トンネルを抜けるとそこは雪国だった。
というのは川端康成の小説だ。
僕の友人に新潟の雪国の人が居る。
同じ家具店で若い頃一緒に東京などで勉強に参加していた。
冬になると友人が言う。
トンネルを抜けるとそこは雪がなかった。
新幹線も湯沢からトンネルに入り一気に関東平野に抜ける。
そこは晴天であり、雪国の人にとって不思議な世界に映るらしい。
今現在、大寒波が日本列島に居座っていて連日ニュースやワイドショウは雪国からの中継がいっぱいである。

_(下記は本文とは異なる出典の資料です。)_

(* Let $p>0$, $d>0$, $\chi>0$ and $\delta>0$ be real parameters, and for $\lambda>0$ define $$c(\lambda)=\lambda+\frac{p}{\lambda}-\frac{2\chi}{\pi}\arctan\!\left(\frac{1}{\delta}\min\!\left(\lambda,\frac{1}{\sqrt{d}}\right)\right).$$ Set $$\Lambda=\left\{\frac{p-\delta^2+\frac{2\chi}{\pi}\delta+\sqrt{\left(p-\delta^2+\frac{2\chi}{\pi}\delta\right)^2+4\delta^2p}}{2}\right\}^{1/2}.$$ Then $$\min_{\lambda>0} c(\lambda)=\begin{cases} 2\sqrt{p}-\frac{2\chi}{\pi}\arctan\!\left(\frac{1}{\sqrt{d}\,\delta}\right), & \text{if } dp>1,\\[4pt] \frac{1}{\sqrt{d}}+p\sqrt{d}-\frac{2\chi}{\pi}\arctan\!\left(\frac{1}{\sqrt{d}\,\delta}\right), & \text{if } 1-\frac{2\chi}{\pi\left(\delta+\frac{1}{d\delta}\right)}<dp<1,\\[4pt] \Lambda+\frac{p}{\Lambda}-\frac{2\chi}{\pi}\arctan\!\left(\frac{\Lambda}{\delta}\right), & \text{if } dp\le 1-\frac{2\chi}{\pi\left(\delta+\frac{1}{d\delta}\right)}. \end{cases}$$
   Context: The function $c(\lambda)$ is the dispersion relation between the propagation speed $c$ and the exponential decay rate $\lambda$ of the front (density $\propto e^{-\lambda(x-ct)}$ far ahead) for the one-dimensional flux-limited Keller–Segel equation $\partial_t\rho+\partial_x(U_\delta[\partial_x\log S]\rho)=\partial_{xx}\rho+P(\rho)\rho$, $-d\partial_{xx}S+S=\rho$, with growth rate $P(\rho)=p$ for $0\le\rho\le 1/(1+p)$, and with chemotactic flux function $U_\delta(X)=\frac{2\chi}{\pi}\arctan(X/\delta)$. Here $p$ is the proliferation rate at low density, $d$ the diffusion coefficient of the chemoattractant, $\chi$ the modulation amplitude and $\delta^{-1}$ the stiffness of the chemotactic response. *)

theory Defs
  imports Complex_Main
begin

definition disp :: "real \<Rightarrow> real \<Rightarrow> real \<Rightarrow> real \<Rightarrow> real \<Rightarrow> real" where
  "disp p d \<chi> \<delta> lam = lam + p / lam - (2 * \<chi> / pi) * arctan ((1 / \<delta>) * min lam (1 / sqrt d))"

definition Lam :: "real \<Rightarrow> real \<Rightarrow> real \<Rightarrow> real \<Rightarrow> real" where
  "Lam p d \<chi> \<delta> = sqrt ((p - \<delta>\<^sup>2 + (2 * \<chi> / pi) * \<delta>
      + sqrt ((p - \<delta>\<^sup>2 + (2 * \<chi> / pi) * \<delta>)\<^sup>2 + 4 * \<delta>\<^sup>2 * p)) / 2)"

definition is_min_on :: "(real \<Rightarrow> real) \<Rightarrow> real set \<Rightarrow> real \<Rightarrow> bool" where
  "is_min_on f S v \<longleftrightarrow> (\<exists>x\<in>S. f x = v) \<and> (\<forall>x\<in>S. v \<le> f x)"

end

theory Submission
  imports Defs
begin

text \<open>
  Put \<open>k = 2\<chi>/\<pi>\<close> and \<open>s = 1/\<surd>d\<close>. Below the cutoff \<open>s\<close> the dispersion relation is
  \<open>G(\<lambda>) = \<lambda> + p/\<lambda> - k arctan(\<lambda>/\<delta>)\<close>, whose derivative has the sign of
  \<open>\<lambda>\<^sup>4 - (p - \<delta>\<^sup>2 + k\<delta>)\<lambda>\<^sup>2 - \<delta>\<^sup>2p\<close>; this quartic has exactly one positive root \<open>\<Lambda>\<close>, so
  \<open>G\<close> decreases up to \<open>\<Lambda>\<close> and increases afterwards. Above the cutoff the arctan term is
  frozen and \<open>c(\<lambda>) = \<lambda> + p/\<lambda> - const\<close>, which by AM-GM is minimal at \<open>\<surd>p\<close>.
  If \<open>dp > 1\<close> the point \<open>\<surd>p\<close> lies above the cutoff and is the global minimiser, because
  the arctan term never exceeds its frozen value. If \<open>dp \<le> 1\<close>, \<open>c\<close> increases beyond \<open>s\<close>, and
  the minimum sits at \<open>min s \<Lambda>\<close>; evaluating the quartic at \<open>s\<close> shows that \<open>s < \<Lambda>\<close>
  is exactly the condition \<open>1 - k/(\<delta> + 1/(d\<delta>)) < dp\<close>.
\<close>

definition quartic_root :: "real \<Rightarrow> real \<Rightarrow> real" where
  "quartic_root a q = sqrt ((a + sqrt (a\<^sup>2 + 4 * q)) / 2)"
lemma Ck_on_diff:
  assumes "open S" "Ck_on S k f" "Ck_on S k g"
  shows "Ck_on S k (\<lambda>x. f x - g x)"
  using Ck_on_add[OF assms(1,2) Ck_on_mult[OF assms(1) Ck_on_const[of S k "-1"] assms(3)]] by simp

lemma Ck_on_divide:
  assumes "open S" "Ck_on S k f" "Ck_on S k g" "\<And>x. x \<in> S \<Longrightarrow> g x \<noteq> 0"
  shows "Ck_on S k (\<lambda>x. f x / g x)"
proof -
  have "Ck_on S k (\<lambda>x. inverse (g x))"
    by (rule Ck_on_compose_holomorphic[OF assms(1) open_delete[OF open_UNIV, of 0]])
      (use assms(3,4) in \<open>auto intro: holomorphic_on_inverse holomorphic_on_id\<close>)
  from Ck_on_mult[OF assms(1,2) this] show ?thesis
    by (simp add: divide_inverse)
qed

lemma Ck_on_prod:
  assumes "open S" "finite A" "\<And>a. a \<in> A \<Longrightarrow> Ck_on S k (f a)"
  shows "Ck_on S k (\<lambda>x. \<Prod>a\<in>A. f a x)"
  using assms(2,3)
  by (induction A rule: finite_induct) (auto intro: Ck_on_const Ck_on_mult[OF assms(1)])
(* Let $0<\alpha<1$ and let $u_1,u_2\in C^1[0,+\infty)$. Fix $t_0>0$ with $u_1(t_0)=u_2(t_0)$ and $u_1'(t_0)\neq u_2'(t_0)$, and define $$u(t)=\begin{cases} u_1(t), & 0\le t\le t_0,\\ u_2(t), & t>t_0,\end{cases}$$ so that $u$ is continuous on $[0,+\infty)$ and non-differentiable at $t_0$. Suppose that $u_1^{(\alpha)}(t)$ is continuous (as a function of $t$ on $(0,+\infty)$), and that $u_1^{(\alpha)}(t_0)$ exists and is finite. Then $u^{(\alpha)}(t_0)$ exists and $$u^{(\alpha)}(t_0)=u_1^{(\alpha)}(t_0).$$
   Context: For a function $f$ on $[0,+\infty)$ and $0<\alpha<1$, Jumarie's modified Riemann–Liouville fractional derivative is $$f^{(\alpha)}(t)=\frac{1}{\Gamma(1-\alpha)}\frac{\mathrm{d}}{\mathrm{d}t}\int_0^t (t-x)^{-\alpha}\bigl(f(x)-f(0)\bigr)\,\mathrm{d}x,$$ whenever the derivative exists. $C^1[0,+\infty)$ denotes the continuously differentiable functions on $[0,+\infty)$. *)

theory Defs
  imports "HOL-Analysis.Analysis"
begin

definition jumarie_integral :: "real \<Rightarrow> (real \<Rightarrow> real) \<Rightarrow> real \<Rightarrow> real" where
  "jumarie_integral \<alpha> f t =
     (1 / Gamma (1 - \<alpha>)) * integral {0..t} (\<lambda>x. (t - x) powr (- \<alpha>) * (f x - f 0))"

definition has_jumarie_derivative :: "real \<Rightarrow> (real \<Rightarrow> real) \<Rightarrow> real \<Rightarrow> real \<Rightarrow> bool" where
  "has_jumarie_derivative \<alpha> f D t \<longleftrightarrow>
     (\<forall>s\<ge>0. (\<lambda>x. (s - x) powr (- \<alpha>) * (f x - f 0)) integrable_on {0..s}) \<and>
     ((jumarie_integral \<alpha> f) has_real_derivative D) (at t within {0..})"

end

theory Submission
  imports Defs
begin
lemma cordial_add_leaf:
  fixes S :: "'v set"
  assumes "cordial TYPE('a::{ab_group_add,finite}) S F" and sg: "simple_graph S F"
    and edges: "card F + 1 = card S" and "card (UNIV :: 'a set) * k \<le> card S"
    and "card S \<le> card (UNIV :: 'a set) * k + card (UNIV :: 'a set) div 2" and "w \<notin> S" "p \<in> S"
  shows "cordial TYPE('a) (insert w S) (insert {w, p} F)"
proof -
  obtain l :: "'v \<Rightarrow> 'a" where cordial: "cordial_labeling S F l"
    using assms(1) unfolding cordial_def by blast
  let ?N = "card (UNIV :: 'a set)"
  define j where "j = card S - ?N * k"
  have vertices: "card S = ?N * k + j" and small: "2 * j \<le> ?N"
    using assms(4,5) unfolding j_def by auto
  let ?Vmin = "{a. \<forall>b. vcount S l a \<le> vcount S l b}"
  let ?Emin = "{a. \<forall>b. ecount F l a \<le> ecount F l b}"
  have "finite S" using sg by (simp add: simple_graph_def)
  have "?N > 0" by (simp add: finite_UNIV_card_ge_0)
  with small have "j < ?N" by linarith
  have bal: "balanced (vcount S l)" "balanced (ecount F l)"
    using cordial by (simp_all add: cordial_labeling_iff_balanced)
  have vmin: "card ?Vmin = ?N - j"
    using card_minima_balanced[OF bal(1) _ \<open>j < ?N\<close>] sum_vcount[OF \<open>finite S\<close>, of l] vertices by simp
  have "?N < card ?Vmin + card ?Emin"
  proof (cases "j = 0")
    case True
    with vertices \<open>p \<in> S\<close> \<open>finite S\<close> have "k \<ge> 1" by (cases k) auto
    then have "sum (ecount F l) UNIV = ?N * (k - 1) + (?N - 1)"
      using sum_ecount[OF sg, of l] edges vertices True \<open>?N > 0\<close> by (cases k) auto
    then have "card ?Emin = ?N - (?N - 1)"
      by (rule card_minima_balanced[OF bal(2)]) (use \<open>?N > 0\<close> in simp)
    with True vmin \<open>?N > 0\<close> show ?thesis by simp
  next
    case False
    then have "sum (ecount F l) UNIV = ?N * k + (j - 1)"
      using sum_ecount[OF sg, of l] edges vertices by simp
    then have "card ?Emin = ?N - (j - 1)"
      by (rule card_minima_balanced[OF bal(2)]) (use \<open>j < ?N\<close> in simp)
    with False small vmin show ?thesis by simp
  qed
  then obtain x where "x \<in> ?Vmin" "x + l p \<in> ?Emin"
    by (rule exists_translate_in)
  then show ?thesis
    using cordial_labeling_add_leaf[OF cordial sg \<open>w \<notin> S\<close> \<open>p \<in> S\<close>] unfolding cordial_def by blast
qed

lemma cordial_grow_induced_subtree:
  fixes S0 :: "'v set"
  assumes tree: "is_tree V E" and "S0 \<subseteq> V" "S0 \<noteq> {}" "connected_graph S0 E"
    and "card (induced_edges E S0) + 1 = card S0"
    and "cordial TYPE('a::{ab_group_add,finite}) S0 (induced_edges E S0)"
    and "card (UNIV :: 'a set) * k \<le> card S0"
    and "card V \<le> card (UNIV :: 'a set) * k + card (UNIV :: 'a set) div 2 + 1"
  shows "cordial TYPE('a) V E"
proof -
  have sg: "simple_graph V E" using tree by (simp add: is_tree_def)
  then have "finite V" by (simp add: simple_graph_def)
  have "card (induced_edges E V) + 1 = card V \<and> cordial TYPE('a) V (induced_edges E V)"
  proof (rule tree_grow_induct[OF tree \<open>S0 \<subseteq> V\<close> \<open>S0 \<noteq> {}\<close> \<open>connected_graph S0 E\<close>])
    fix S w p
    assume "S0 \<subseteq> S" "S \<subseteq> V" "w \<in> V - S" "p \<in> S"
      and IH: "card (induced_edges E S) + 1 = card S \<and> cordial TYPE('a) S (induced_edges E S)"
      and grow: "induced_edges E (insert w S) = insert {w, p} (induced_edges E S)"
    have "finite S" using \<open>S \<subseteq> V\<close> \<open>finite V\<close> by (rule finite_subset)
    have sgS: "simple_graph S (induced_edges E S)" using sg \<open>S \<subseteq> V\<close> by (rule simple_graph_induced_edges)
    have "card S0 \<le> card S" using \<open>finite S\<close> \<open>S0 \<subseteq> S\<close> by (rule card_mono)
    moreover have "card S < card V"
      using \<open>finite V\<close> \<open>S \<subseteq> V\<close> \<open>w \<in> V - S\<close> by (intro psubset_card_mono) auto
    ultimately have "cordial TYPE('a) (insert w S) (insert {w, p} (induced_edges E S))"
      using IH assms(7,8) \<open>w \<in> V - S\<close> \<open>p \<in> S\<close> by (intro cordial_add_leaf[OF _ sgS, where k = k]) auto
    then show "card (induced_edges E (insert w S)) + 1 = card (insert w S)
        \<and> cordial TYPE('a) (insert w S) (induced_edges E (insert w S))"
      using IH grow card_induced_edges_insert_leaf[OF finite_edges[OF sg] _ grow] \<open>w \<in> V - S\<close>
        \<open>finite S\<close> by simp
  qed (use assms in auto)
  then show ?thesis using induced_edges_self[OF sg] by simp
qed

今度の大雪は雪国だけでなく太平洋側までも降らせている。
鹿児島の桜島が雪化粧して住民が驚いている。
しかしここ群馬県は雪がない。
東京に出ると人から群馬は雪で大変でしょうねえといわれる。
群馬でも北部と南部では全く違うのである。
群馬の中央に赤城山と榛名山がそびえる。
その北と南では全く気候が違うのである。
ここ数日、北の空を見ると赤城山と榛名山には雪雲がかかっており姿が見えない。
そこから雲はだんだんちぎれて晴れたり曇ったりして関東平野に流れていく。
すさまじいまでの雪雲は高気圧の強さを感じさせて雪国の人々の奮闘が忍ばれて申し訳ないような気持ちである。
雪国の友人に冬の雪対策について聴いたことがある。
雪が余り降るとお店も雪下ろしが必要だが、従業員も自宅の雪下ろしで出勤できなくなる。
雪下ろしをしたいが、屋根の下は隣の駐車場である。
関東では聞き慣れない除雪費用というのが大きいのだという。
雪のニュースを見ながらいつも雪国の友人を思って居る。
南岸低気圧というものがあって、10年くらい前に一晩に80センチを超えるような積雪があり、当社の倉庫がつぶれたことがあった。
雪国に比べべれば80センチだなんて大した事がないと思われるが、なんと関東地方は大パニックになったのである。
国道に出ると車は一台も通らない。
完全に経済がストップしてしまった。
国道を歩いている人に聴いてみるとコンビニに歩いて買い物に行ったという。
食べる物が棚にないという。
たまに車が通るが自信満々の四輪駆動の車である。
しかしその四駆も我が家の裏では完全に動かなくなっていて、僕はシャベルを出して助けたものである。
車体が雪に当たって動かなくなったのである。
雪対策のない関東平野の80センチ騒ぎであった。
僕は連日雪かきをしていたものである。
それに比べて2メートル3メートルの雪国の友人の事を忍び尊敬の念がふつふつとわいてくるのである。